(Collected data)
[Start of section]

lemma mult_add_half_le_mult_sqrt:
  fixes a s x :: real
  assumes "0 \<le> a" "x\<^sup>2 = s - a"
  shows "x * (s + a / 2) \<le> s * sqrt s"
proof (rule power2_le_imp_le)
  have s: "a \<le> s"
    using assms by (metis diff_ge_0_iff_ge zero_le_power2)
  have "(x * (s + a / 2))\<^sup>2 = (s - a) * (s + a / 2)\<^sup>2"
    by (simp add: power_mult_distrib assms(2))
  also have "\<dots> = s ^ 3 - (3 * a\<^sup>2 * s / 4 + a ^ 3 / 4)"
    by (simp add: field_simps power2_eq_square power3_eq_cube)
  also have "\<dots> \<le> s ^ 3"
  proof -
    have "0 \<le> 3 * a\<^sup>2 * s / 4" "0 \<le> a ^ 3 / 4"
      using assms s by simp_all
    then show ?thesis
      by linarith
  qed
  also have "\<dots> = (s * sqrt s)\<^sup>2"
    using assms s by (simp add: power_mult_distrib power3_eq_cube power2_eq_square)
  finally show "(x * (s + a / 2))\<^sup>2 \<le> (s * sqrt s)\<^sup>2" .
  show "0 \<le> s * sqrt s"
    using assms s by simp
qed

text \<open>This is \<open>tail_profile_slope_le_density\<close> with the common positive factor
  \<open>student_t_const \<nu> * \<surd>\<nu> / (2 * (x\<^sup>2 + \<nu>) powr ((\<nu> + 1) / 2))\<close> cancelled.\<close>
lemma tail_slope_ineq:
  fixes \<nu> m x :: real
  assumes "2 < \<nu>" "0 < m" "m < \<nu>" "0 \<le> x"
  defines "s \<equiv> x\<^sup>2 + \<nu> - m"
  shows "(\<nu> - m) * m powr (\<nu> / 2 - 1) * x * (\<nu> * s + m) \<le> 2 * \<nu> powr (\<nu> / 2) * (s * sqrt s)"
proof -
  define a where "a = \<nu> - m"
  define M where "M = max (\<nu> * a) (2 * m)"
  have a: "0 < a" "a \<le> s"
    using assms zero_le_power2[of x] by (simp_all add: a_def s_def)
  have shift: "x * (s + a / 2) \<le> s * sqrt s"
    using a by (intro mult_add_half_le_mult_sqrt) (simp_all add: s_def a_def)
  have linear: "a * (\<nu> * s + m) \<le> M * (s + a / 2)"
  proof -
    have "\<nu> * a * s \<le> M * s" "m * a \<le> (M / 2) * a"
      using a by (intro mult_right_mono; simp add: M_def)+
    then show ?thesis
      by (simp add: algebra_simps)
  qed
  have weight: "m powr (\<nu> / 2 - 1) * M \<le> 2 * \<nu> powr (\<nu> / 2)"
  proof (cases "\<nu> * a \<le> 2 * m")
    case True
    have "m powr (\<nu> / 2 - 1) * m = m powr (\<nu> / 2)"
      using assms by (simp add: powr_diff)
    moreover have "m powr (\<nu> / 2) \<le> \<nu> powr (\<nu> / 2)"
      using assms by (intro powr_mono2) auto
    ultimately show ?thesis
      using True by (simp add: M_def)
  next
    case False
    have "(\<nu> / 2 - 1 + 1) * ((m / \<nu>) powr (\<nu> / 2 - 1) * (1 - m / \<nu>)) \<le> 1"
      using assms by (intro powr_mult_one_minus_le) auto
    then have "m powr (\<nu> / 2 - 1) * (\<nu> * a) \<le> 2 * (\<nu> powr (\<nu> / 2 - 1) * \<nu>)"
      using assms by (simp add: a_def powr_divide field_simps)
    also have "\<nu> powr (\<nu> / 2 - 1) * \<nu> = \<nu> powr (\<nu> / 2)"
      using assms by (simp add: powr_diff)
    finally show ?thesis
      using False by (simp add: M_def)
  qed
  have "(\<nu> - m) * m powr (\<nu> / 2 - 1) * x * (\<nu> * s + m)
      = m powr (\<nu> / 2 - 1) * (x * (a * (\<nu> * s + m)))"
    by (simp add: a_def mult_ac)
  also have "\<dots> \<le> m powr (\<nu> / 2 - 1) * (x * (M * (s + a / 2)))"
    by (intro mult_left_mono[OF mult_left_mono[OF linear assms(4)]]) simp
  also have "\<dots> = (m powr (\<nu> / 2 - 1) * M) * (x * (s + a / 2))"
    by (simp add: mult_ac)
  also have "\<dots> \<le> (2 * \<nu> powr (\<nu> / 2)) * (s * sqrt s)"
    by (rule mult_mono[OF weight shift]) (use a assms in auto)
  finally show ?thesis .
qed

lemma tail_profile_slope_le_density:
  fixes \<nu> m x :: real
  assumes "2 < \<nu>" "0 < m" "m < \<nu>" "0 \<le> x"
  shows "student_t_kappa \<nu> m * tail_profile_slope \<nu> m x \<le> student_t_density \<nu> x"
proof -
  define u where "u = x\<^sup>2 + \<nu>"
  define s where "s = x\<^sup>2 + \<nu> - m"
  define U where "U = u powr ((\<nu> + 1) / 2)"
  define C where "C = student_t_const \<nu>"
  have "0 \<le> x\<^sup>2"
    by simp
  then have u: "0 < u" and s: "0 < s"
    using assms unfolding u_def s_def by linarith+
  have U: "0 < U"
    using u by (simp add: U_def)
  have C: "0 < C"
    using assms by (simp add: C_def student_t_const_def Gamma_real_pos)
  have s32: "0 < s * sqrt s"
    using s by simp
  have "\<nu> * u - (\<nu> - 1) * m = \<nu> * s + m"
    by (simp add: u_def s_def algebra_simps)
  then have "student_t_kappa \<nu> m * tail_profile_slope \<nu> m x
      = C * sqrt \<nu> / (2 * U) * ((\<nu> - m) * m powr (\<nu> / 2 - 1) * x * (\<nu> * s + m) / (s * sqrt s))"
    using assms U s32
    by (simp add: tail_profile_slope_def u_def s_def U_def student_t_kappa_eq C_def field_simps)
  also have "\<dots> \<le> C * sqrt \<nu> / (2 * U) * (2 * \<nu> powr (\<nu> / 2))"
    using tail_slope_ineq[OF assms] s32 C U assms
    by (intro mult_left_mono) (auto simp: s_def pos_divide_le_eq)
  also have "\<dots> = C * (\<nu> powr (\<nu> / 2) * sqrt \<nu>) / U"
    using U by (simp add: field_simps)
  also have "\<dots> = student_t_density \<nu> x"
  proof -
    have "1 + x\<^sup>2 / \<nu> = u / \<nu>"
      using assms by (simp add: u_def field_simps)
    then have "(1 + x\<^sup>2 / \<nu>) powr (- (\<nu> + 1) / 2) = \<nu> powr ((\<nu> + 1) / 2) / U"
      using u assms by (simp add: U_def powr_divide powr_minus_divide divide_simps flip: powr_add)
    moreover have "\<nu> powr ((\<nu> + 1) / 2) = \<nu> powr (\<nu> / 2) * sqrt \<nu>"
      using assms by (simp add: add_divide_distrib powr_add powr_half_sqrt)
    ultimately show ?thesis
      by (simp add: student_t_density_eq student_t_kernel_def C_def)
  qed
  finally show ?thesis
    unfolding u_def s_def U_def .
qed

[End of section]

■ YOUR ASSIGNMENT: Above are the records. Print exactly, and only, the lines from the line with "u powr ((\<nu>" to the line with "u - (\<nu> - 1) * m", both inclusive.

■ WRITTEN RESPONSE:
  define U where "U = u powr ((\<nu> + 1) / 2)"
  define C where "C = student_t_const \<nu>"
  have "0 \<le> x\<^sup>2"
    by simp
  then have u: "0 < u" and s: "0 < s"
    using assms unfolding u_def s_def by linarith+
  have U: "0 < U"
    using u by (simp add: U_def)
  have C: "0 < C"
    using assms by (simp add: C_def student_t_const_def Gamma_real_pos)
  have s32: "0 < s * sqrt s"
    using s by simp
  have "\<nu> * u - (\<nu> - 1) * m = \<nu> * s + m"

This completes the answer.